lemma modular_org_coarsening:
  assumes fin: "finite S" and closed: "stepX R A \<subseteq> S \<times> S"
    and org: "modular_org A S R Xs"
    and b: "strict_mono b" "b 0 = 0" "b m = length Xs"
  shows "modular_org A S R (coarsening b m Xs)"
proof -
  let ?Ys = "coarsening b m Xs"
  have nonempty: "\<And>l. l < length Xs \<Longrightarrow> Xs ! l \<noteq> {}"
    and disjoint: "\<And>l l'. l < length Xs \<Longrightarrow> l' < length Xs \<Longrightarrow> l \<noteq> l' \<Longrightarrow> Xs ! l \<inter> Xs ! l' = {}"
    and cover: "(\<Union>l<length Xs. Xs ! l) = A"
    and M: "\<forall>l<length Xs. Mrel S R (\<Union>k<l. Xs ! k) (Xs ! l)"
    using org unfolding modular_org_def by auto
  have "mono b"
    using b(1) by (rule strict_mono_mono)
  have length_Ys: "length ?Ys = m"
    unfolding coarsening_def by simp
  have nth_Ys: "?Ys ! k = (\<Union>l\<in>{b k..<b (Suc k)}. Xs ! l)" if "k < m" for k
    using that unfolding coarsening_def by simp
  have block_nonempty: "b k < b (Suc k)" for k
    using b(1) by (simp add: strict_monoD)
  have block_bound: "b (Suc k) \<le> length Xs" if "k < m" for k
    using that b(3) \<open>mono b\<close> by (metis Suc_leI monoD)
  have prefix: "(\<Union>k'<k. ?Ys ! k') = (\<Union>l<b k. Xs ! l)" if "k \<le> m" for k
  proof -
    have "(\<Union>k'<k. ?Ys ! k') = (\<Union>k'<k. \<Union>l\<in>{b k'..<b (Suc k')}. Xs ! l)"
      using that nth_Ys by simp
    also have "\<dots> = (\<Union>l\<in>(\<Union>k'<k. {b k'..<b (Suc k')}). Xs ! l)"
      by blast
    finally show ?thesis
      unfolding UN_consecutive_intervals[OF \<open>mono b\<close> b(2)] .
  qed
  show ?thesis
    unfolding modular_org_def length_Ys
  proof (intro conjI allI impI)
    fix k assume "k < m"
    then have "Xs ! b k \<subseteq> ?Ys ! k"
      unfolding nth_Ys[OF \<open>k < m\<close>] using block_nonempty[of k] by (intro SUP_upper) auto
    then show "?Ys ! k \<noteq> {}"
      using nonempty[of "b k"] block_nonempty[of k] block_bound[OF \<open>k < m\<close>] by auto
  next
    fix k k' assume "k < m" "k' < m" "k \<noteq> k'"
    have separated: "b (Suc k\<^sub>1) \<le> b k\<^sub>2" if "k\<^sub>1 < k\<^sub>2" for k\<^sub>1 k\<^sub>2
      using that \<open>mono b\<close> by (simp add: monoD)
    have "Xs ! l \<inter> Xs ! l' = {}" if "l \<in> {b k..<b (Suc k)}" "l' \<in> {b k'..<b (Suc k')}" for l l'
    proof (rule disjoint)
      show "l < length Xs" "l' < length Xs"
        using that block_bound[OF \<open>k < m\<close>] block_bound[OF \<open>k' < m\<close>] by auto
      show "l \<noteq> l'"
        using that separated[of k k'] separated[of k' k] \<open>k \<noteq> k'\<close> by (cases "k < k'") auto
    qed
    then show "?Ys ! k \<inter> ?Ys ! k' = {}"
      unfolding nth_Ys[OF \<open>k < m\<close>] nth_Ys[OF \<open>k' < m\<close>] by blast
  next
    show "(\<Union>k<m. ?Ys ! k) = A"
      using prefix[of m] cover b(3) by simp
  next
    fix k assume "k < m"
    have "stepX R (\<Union>l<length Xs. Xs ! l) \<subseteq> S \<times> S"
      using closed cover by simp
    from Mrel_interval[OF fin this M block_nonempty block_bound[OF \<open>k < m\<close>]]
    show "Mrel S R (\<Union>k'<k. ?Ys ! k') (?Ys ! k)"
      unfolding prefix[OF less_imp_le[OF \<open>k < m\<close>]] nth_Ys[OF \<open>k < m\<close>] .
  qed
qed

lemma merge_eq_coarsening:
  assumes "i \<le> j" and "j < length Xs"
  shows "take i Xs @ [\<Union>k\<in>{i..j}. Xs ! k] @ drop (Suc j) Xs
           = coarsening (\<lambda>k. if k \<le> i then k else k + (j - i)) (length Xs - (j - i)) Xs"
    (is "?Ys = coarsening ?b ?m Xs")
proof (rule nth_equalityI)
  show "length ?Ys = length (coarsening ?b ?m Xs)"
    using assms unfolding coarsening_def by simp
next
  fix k assume "k < length ?Ys"
  then have k: "k < ?m" using assms by simp
  consider "k < i" | "k = i" | "i < k" by linarith
  then show "?Ys ! k = coarsening ?b ?m Xs ! k"
  proof cases
    case 1
    then show ?thesis
      using assms k unfolding coarsening_def by (simp add: nth_append)
  next
    case 2
    have "{i..<Suc (Suc j - Suc i + i)} = {i..j}"
      using assms by auto
    then show ?thesis
      using assms k 2 unfolding coarsening_def by (simp add: nth_append)
  next
    case 3
    have "Suc j + (k - Suc i) = k + (j - i)"
      using 3 assms by arith
    then show ?thesis
      using assms k 3 unfolding coarsening_def by (simp add: nth_append)
  qed
qed

theorem proposition3:
  fixes A :: "'a set" and Sa :: "'a \<Rightarrow> 'b set"
    and R :: "'a \<Rightarrow> (('a \<Rightarrow> 'b) \<times> ('a \<Rightarrow> 'b)) set"
    and Xs :: "'a set list" and i j :: nat
  assumes "async_system A Sa R"
    and "modular_org A (states A Sa) R Xs"
    and "i \<le> j" and "j < length Xs"
  shows "modular_org A (states A Sa) R
           (take i Xs @ [\<Union>k\<in>{i..j}. Xs ! k] @ drop (Suc j) Xs)"
proof -
  have "finite (states A Sa)"
    using assms(1) unfolding states_def async_system_def by (auto intro: finite_PiE)
  moreover have "stepX R A \<subseteq> states A Sa \<times> states A Sa"
    using assms(1) unfolding async_system_def stepX_def by blast
  moreover have "strict_mono (\<lambda>k. if k \<le> i then k else k + (j - i))"
    by (rule strict_monoI) auto
  ultimately show ?thesis
    unfolding merge_eq_coarsening[OF assms(3,4)]
    by (rule modular_org_coarsening[OF _ _ assms(2)]) (use assms(3,4) in auto)
qed

end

____________

_Your task_. Every line from the data above that contains "lambda" must appear in the answer.

_Answer to the problem_.
           = coarsening (\<lambda>k. if k \<le> i then k else k + (j - i)) (length Xs - (j - i)) Xs"
  moreover have "strict_mono (\<lambda>k. if k \<le> i then k else k + (j - i))"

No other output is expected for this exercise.